Dee’s Final Harvard Class Of 2018

On Harvard Business School's sprawling campus

On Harvard Business School’s sprawling campus

For the past 10 years, Dee Leopold has carefully constructed each of the incoming classes at Harvard Business School from the largest MBA applicant pool in the world. Today (July 16), HBS released its “sneak peek” of the very last class that Leopold, the former managing director of admissions, has had a major hand in guiding into the school’s prestigious MBA program.

The verdict? Leopold leaves her job having enrolled the largest percentage of women in HBS history. A record 43% of the incoming class will be female, up two percentage points from the 41% level that has remained steady for the past three years. That’s 401 of the 942 students that will come to campus next month. Only six years ago, women represented just 36% of the incoming MBA students at Harvard.

The other big news: Students with experience in the consulting industry reached a new modern low of only 15%. That’s down just a percentage point from last year and three points from two years ago, but it’s a full seven percentage points below the Class of 2012, when more than one in five (22%) hailed from consulting. Incoming students from one of the most lucrative industries that send young professionals to business school — private equity and venture capital — also were down to 15% this year, from 17% in each of the two previous entering classes.

SOME 9,759 APPLICANTS COMPETED FOR ONLY 942 SEATS IN THE INCOMING CLASS

Leopold closed out her final season as admissions director with her fifth consecutive year of increasing application volume. HBS said that it received 9,759 applications for its 942 first-year MBA seats, up just a tad below 1% from the 9,686 applications that came into admissions a year earlier. The school’s acceptance rate remained 11% and its yield — the percentage of admits who enroll — again hit 90%, the best yield rate for any business school in the world.
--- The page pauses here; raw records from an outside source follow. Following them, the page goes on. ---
lemma is_form_interior: "is_form k \<alpha> \<Longrightarrow> is_form (k - 1) (interior v \<alpha>)"
  unfolding is_form_def
proof (intro allI impI)
  fix J assume f: "\<forall>I. \<alpha> I \<noteq> 0 \<longrightarrow> I \<in> idx_sets k" and nz: "interior v \<alpha> J \<noteq> 0"
  then have J: "J \<subseteq> {..<8}" by (auto simp: interior_def split: if_splits)
  with nz obtain i where i: "i \<in> {..<8} - J" "(-1) ^ pos J i * v i * \<alpha> (insert i J) \<noteq> 0"
    by (auto simp: interior_eq_sum elim: sum.not_neutral_contains_not_neutral)
  then have "\<alpha> (insert i J) \<noteq> 0" by auto
  then have "card (insert i J) = k" using f by (simp add: idx_sets_def)
  then show "J \<in> idx_sets (k - 1)" using i J finite_subset_lessThan8[OF J] by (simp add: idx_sets_def)
qed

lemma is_form_wedge: "is_form k \<alpha> \<Longrightarrow> is_form (k + 1) (wedge v \<alpha>)"
  unfolding is_form_def
proof (intro allI impI)
  fix J assume f: "\<forall>I. \<alpha> I \<noteq> 0 \<longrightarrow> I \<in> idx_sets k" and nz: "wedge v \<alpha> J \<noteq> 0"
  then have J: "J \<subseteq> {..<8}" by (auto simp: wedge_def split: if_splits)
  with nz obtain i where i: "i \<in> J" "(-1) ^ pos J i * v i * \<alpha> (J - {i}) \<noteq> 0"
    by (auto simp: wedge_eq_sum elim: sum.not_neutral_contains_not_neutral)
  then have "\<alpha> (J - {i}) \<noteq> 0" by auto
  then have "card (J - {i}) = k" using f by (simp add: idx_sets_def)
  moreover have "card J \<noteq> 0" using i finite_subset_lessThan8[OF J] by auto
  ultimately show "J \<in> idx_sets (k + 1)" using i J by (simp add: idx_sets_def)
qed

lemma is_form_hodge: "is_form k \<alpha> \<Longrightarrow> is_form (8 - k) (hodge \<alpha>)"
  unfolding is_form_def
proof (intro allI impI)
  fix J assume f: "\<forall>I. \<alpha> I \<noteq> 0 \<longrightarrow> I \<in> idx_sets k" and nz: "hodge \<alpha> J \<noteq> 0"
  then have J: "J \<subseteq> {..<8}" by (auto simp: hodge_def split: if_splits)
  with nz have "\<alpha> ({..<8} - J) \<noteq> 0" by (auto simp: hodge_eq_compl)
  then have "card ({..<8} - J) = k" using f by (simp add: idx_sets_def)
  moreover have "card J \<le> 8" using card_mono[OF _ J] by simp
  ultimately show "J \<in> idx_sets (8 - k)" using J by (simp add: idx_sets_def card_compl_lessThan8)
qed

lemma is_form_above_8:
  assumes "is_form k \<alpha>" and "8 < k"
  shows "\<alpha> = (\<lambda>_. 0)"
proof (rule ext, rule ccontr)
  fix J assume "\<alpha> J \<noteq> 0"
  then have J: "J \<subseteq> {..<8}" "card J = k" using assms(1) by (auto simp: is_form_def idx_sets_def)
  then show False using card_mono[OF _ J(1)] assms(2) by simp
qed

lemma is_form_diff [simp]:
  "is_form k (\<alpha>::nat set \<Rightarrow> 'a::ab_group_add) \<Longrightarrow> is_form k \<beta> \<Longrightarrow> is_form k (\<lambda>J. \<alpha> J - \<beta> J)"
  unfolding is_form_def by (metis diff_self)

lemma is_form_add [simp]:
  "is_form k (\<alpha>::nat set \<Rightarrow> 'a::monoid_add) \<Longrightarrow> is_form k \<beta> \<Longrightarrow> is_form k (\<lambda>J. \<alpha> J + \<beta> J)"
  unfolding is_form_def by (metis add_0)

lemma is_form_scale [simp]: "is_form k (\<alpha>::nat set \<Rightarrow> 'a::mult_zero) \<Longrightarrow> is_form k (\<lambda>J. c * \<alpha> J)"
  unfolding is_form_def by (metis mult_zero_right)

lemma is_form_imp_mixed: "is_form k \<alpha> \<Longrightarrow> is_mixed_form \<alpha>"
  by (auto simp: is_form_def is_mixed_form_def idx_sets_def)

lemma is_mixed_form_interior [simp]: "is_mixed_form (interior v \<alpha>)"
  and is_mixed_form_wedge [simp]: "is_mixed_form (wedge v \<alpha>)"
  by (auto simp: is_mixed_form_def interior_def wedge_def split: if_splits)

lemma is_mixed_form_diff [simp]:
  "is_mixed_form (\<alpha>::nat set \<Rightarrow> 'a::ab_group_add) \<Longrightarrow> is_mixed_form \<beta> \<Longrightarrow> is_mixed_form (\<lambda>J. \<alpha> J - \<beta> J)"
  unfolding is_mixed_form_def by (metis diff_self)

lemma interior_diff [simp]: "interior v (\<lambda>J. \<alpha> J - \<beta> J) = (\<lambda>J. interior v \<alpha> J - interior v \<beta> J)"
  and interior_add [simp]: "interior v (\<lambda>J. \<alpha> J + \<beta> J) = (\<lambda>J. interior v \<alpha> J + interior v \<beta> J)"
  and interior_minus [simp]: "interior v (\<lambda>J. - \<alpha> J) = (\<lambda>J. - interior v \<alpha> J)"
  and interior_scale [simp]: "interior v (\<lambda>J. c * \<alpha> J) = (\<lambda>J. c * interior v \<alpha> J)"
  and interior_zero [simp]: "interior v (\<lambda>J. 0) = (\<lambda>J. 0)"
  by (simp_all add: fun_eq_iff interior_def sum_subtractf sum.distrib sum_negf sum_distrib_left algebra_simps)

lemma wedge_diff [simp]: "wedge v (\<lambda>J. \<alpha> J - \<beta> J) = (\<lambda>J. wedge v \<alpha> J - wedge v \<beta> J)"
  and wedge_add [simp]: "wedge v (\<lambda>J. \<alpha> J + \<beta> J) = (\<lambda>J. wedge v \<alpha> J + wedge v \<beta> J)"
  and wedge_minus [simp]: "wedge v (\<lambda>J. - \<alpha> J) = (\<lambda>J. - wedge v \<alpha> J)"
  and wedge_scale [simp]: "wedge v (\<lambda>J. c * \<alpha> J) = (\<lambda>J. c * wedge v \<alpha> J)"
  and wedge_zero [simp]: "wedge v (\<lambda>J. 0) = (\<lambda>J. 0)"
  by (simp_all add: fun_eq_iff wedge_def sum_subtractf sum.distrib sum_negf sum_distrib_left algebra_simps)

lemma hodge_diff [simp]: "hodge (\<lambda>J. \<alpha> J - \<beta> J) = (\<lambda>J. hodge \<alpha> J - hodge \<beta> J)"
  and hodge_add [simp]: "hodge (\<lambda>J. \<alpha> J + \<beta> J) = (\<lambda>J. hodge \<alpha> J + hodge \<beta> J)"
  and hodge_minus [simp]: "hodge (\<lambda>J. - \<alpha> J) = (\<lambda>J. - hodge \<alpha> J)"
  and hodge_scale [simp]: "hodge (\<lambda>J. c * \<alpha> J) = (\<lambda>J. c * hodge \<alpha> J)"
  and hodge_zero [simp]: "hodge (\<lambda>J. 0) = (\<lambda>J. 0)"
  by (simp_all add: fun_eq_iff hodge_def algebra_simps)

lemma interior_interior_self: "interior (v::nat \<Rightarrow> 'a::field_char_0) (interior v \<alpha>) = (\<lambda>J. 0)"
  using interior_anticomm[of v v \<alpha>] by (simp add: fun_eq_iff)

lemma wedge_wedge_self: "wedge (v::nat \<Rightarrow> 'a::field_char_0) (wedge v \<alpha>) = (\<lambda>J. 0)"
  using wedge_anticomm[of v v \<alpha>] by (simp add: fun_eq_iff)

lemma wedge_hodge:
  assumes "is_form k \<alpha>"
  shows "wedge w (hodge \<alpha>) J = (-1) ^ (k + 1) * hodge (interior w \<alpha>) J"
proof (cases "k \<le> 8")
  case True
  have h: "is_form (8 - k) (hodge \<alpha>)" using assms by (rule is_form_hodge)
  have hh: "hodge (hodge \<alpha>) = (\<lambda>J. (-1) ^ k * \<alpha> J)"
    using hodge_hodge[OF assms] by (simp add: fun_eq_iff)
  have "(-1::'a) ^ (8 - k) * (-1) ^ k = 1"
    using True by (simp add: power_add[symmetric])
  then have "hodge (wedge w (hodge \<alpha>)) = interior w \<alpha>"
    using hodge_wedge[OF h, of w] by (simp add: fun_eq_iff hh mult.assoc[symmetric])
  then have "(-1) ^ (8 - k + 1) * wedge w (hodge \<alpha>) J = hodge (interior w \<alpha>) J"
    using hodge_hodge[OF is_form_wedge[OF h], of w J] by simp
  moreover have "(-1) ^ (k + 1) = ((-1) ^ (8 - k + 1) :: 'a)"
    using True by (simp add: minus_one_power_iff)
  ultimately show ?thesis by (metis left_minus_one_mult_self)
next
  case False
  then show ?thesis using is_form_above_8[OF assms] by (simp add: hodge_def wedge_def)
qed

lemma interior_wedge_eq:
  "is_mixed_form \<alpha> \<Longrightarrow>
    interior v (wedge w \<alpha>) = (\<lambda>J. (\<Sum>i<8. v i * w i) * \<alpha> J - wedge w (interior v \<alpha>) J)"
  using interior_wedge[of \<alpha> v w] by (simp add: fun_eq_iff eq_diff_eq)

lemma interior_hodge:
  assumes "is_form k \<alpha>"
  shows "interior w (hodge \<alpha>) = (\<lambda>J. (-1) ^ k * hodge (wedge w \<alpha>) J)"
  using hodge_wedge[OF assms, of w] by (simp add: fun_eq_iff)

section \<open>The operators \<open>D\<close> and \<open>B\<close>\<close>

text \<open>The derivation of the exterior algebra induced by the skew endomorphism
  \<open>x \<mapsto> g(v, x) w - g(w, x) v\<close>, whose eigenvalues are \<open>0\<close> and \<open>\<plusminus>i|v \<and> w|\<close>.\<close>
definition opD :: "(nat \<Rightarrow> 'a::comm_ring_1) \<Rightarrow> (nat \<Rightarrow> 'a) \<Rightarrow> (nat set \<Rightarrow> 'a) \<Rightarrow> (nat set \<Rightarrow> 'a)" where
  "opD v w \<alpha> = (\<lambda>J. wedge w (interior v \<alpha>) J - wedge v (interior w \<alpha>) J)"

lemma opD_minus [simp]: "opD v w (\<lambda>J. - \<alpha> J) = (\<lambda>J. - opD v w \<alpha> J)"
  by (simp add: opD_def fun_eq_iff algebra_simps)

lemma is_form_opD:
  assumes "is_form k \<alpha>"
  shows "is_form k (opD v w \<alpha>)"
proof (cases k)
  case 0
  then have "\<alpha> I = 0" if "I \<noteq> {}" for I
    using assms that finite_subset_lessThan8 by (fastforce simp: is_form_def idx_sets_def)
  then have "interior u \<alpha> = (\<lambda>_. 0)" for u
    by (simp add: fun_eq_iff interior_def)
  then show ?thesis by (simp add: opD_def is_form_def)
next
  case (Suc n)
  then have "is_form k (wedge u (interior u' \<alpha>))" for u u'
    using is_form_wedge[OF is_form_interior[OF assms]] by simp
  then show ?thesis by (simp add: opD_def)
qed

lemma opB_eq_hodge_opD:
  assumes "is_form k \<alpha>"
  shows "opB v w \<alpha> J = (-1) ^ (k - 1) * hodge (opD v w \<alpha>) J"
  using interior_hodge[OF is_form_interior[OF assms]]
  by (simp add: opB_def opD_def algebra_simps)

lemma opD_hodge_commute:
  assumes "is_form k \<beta>"
  shows "opD v w (hodge \<beta>) = hodge (opD v w \<beta>)"
proof -
  have "wedge u' (interior u (hodge \<beta>)) = hodge (interior u' (wedge u \<beta>))" for u u'
    unfolding interior_hodge[OF assms]
    using wedge_hodge[OF is_form_wedge[OF assms], of u'] by (simp add: fun_eq_iff power_add)
  moreover have "(\<Sum>i<8. w i * v i) = (\<Sum>i<8. v i * w i)" by (simp add: mult.commute)
  ultimately show ?thesis
    using is_form_imp_mixed[OF assms]
    by (simp add: opD_def interior_wedge_eq fun_eq_iff algebra_simps)
qed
Otherwise, there were few changes in the preliminary class profile released today (July 16) by Leopold’s successor, the former Bain & Co. consultant Chad Losee, who graduated with his MBA from Harvard only three years ago. See HBS Puts Bainie In Admissions Job.) Harvard maintained its median GMAT of 730 for the class, with a middle 80% range of 690 to 760. For the first time, HBS did not report the full range of GMAT scores as it had in the past, perhaps a sign that Losee will run a slightly less transparent admissions office. The average undergraduate grade-point average was exactly the same as last year: 3.67.

The international contingent in the Class of 2018 at 35% — a mere percentage point above last year — will hail from 69 countries. Some 149 international universities are represented in the class, along with 141 domestic universities. Leopold enrolled fewer North Americans this time around, 68%, a decline of three percentage points from 71% a year earlier. That decline was made up by increases in students from Europe (11% this year versus 9% last year) and South and Central America (5% this year versus 3% a year ago). Some 11% of the class — exactly the same as last year — comes from Asia, with 1% each from Africa and Oceana.

A FOUR PERCENTAGE POINT DROP IN BUSINESS & ECON MAJORS

Students with undergraduate degrees in the humanities and the social sciences as well as those with STEM (Science, Technology, Engineering and Math) degrees make up a bit more of this year’s incoming class. Some 21% of the class have humanities and social science backgrounds, up from 19% a year earlier, while STEM grads will comprise 38% of the new students, up from 36% last year. The upshot: Business and econ majors fell by four full percentage points to 41% of the Class of 2018, down from 45% a year ago.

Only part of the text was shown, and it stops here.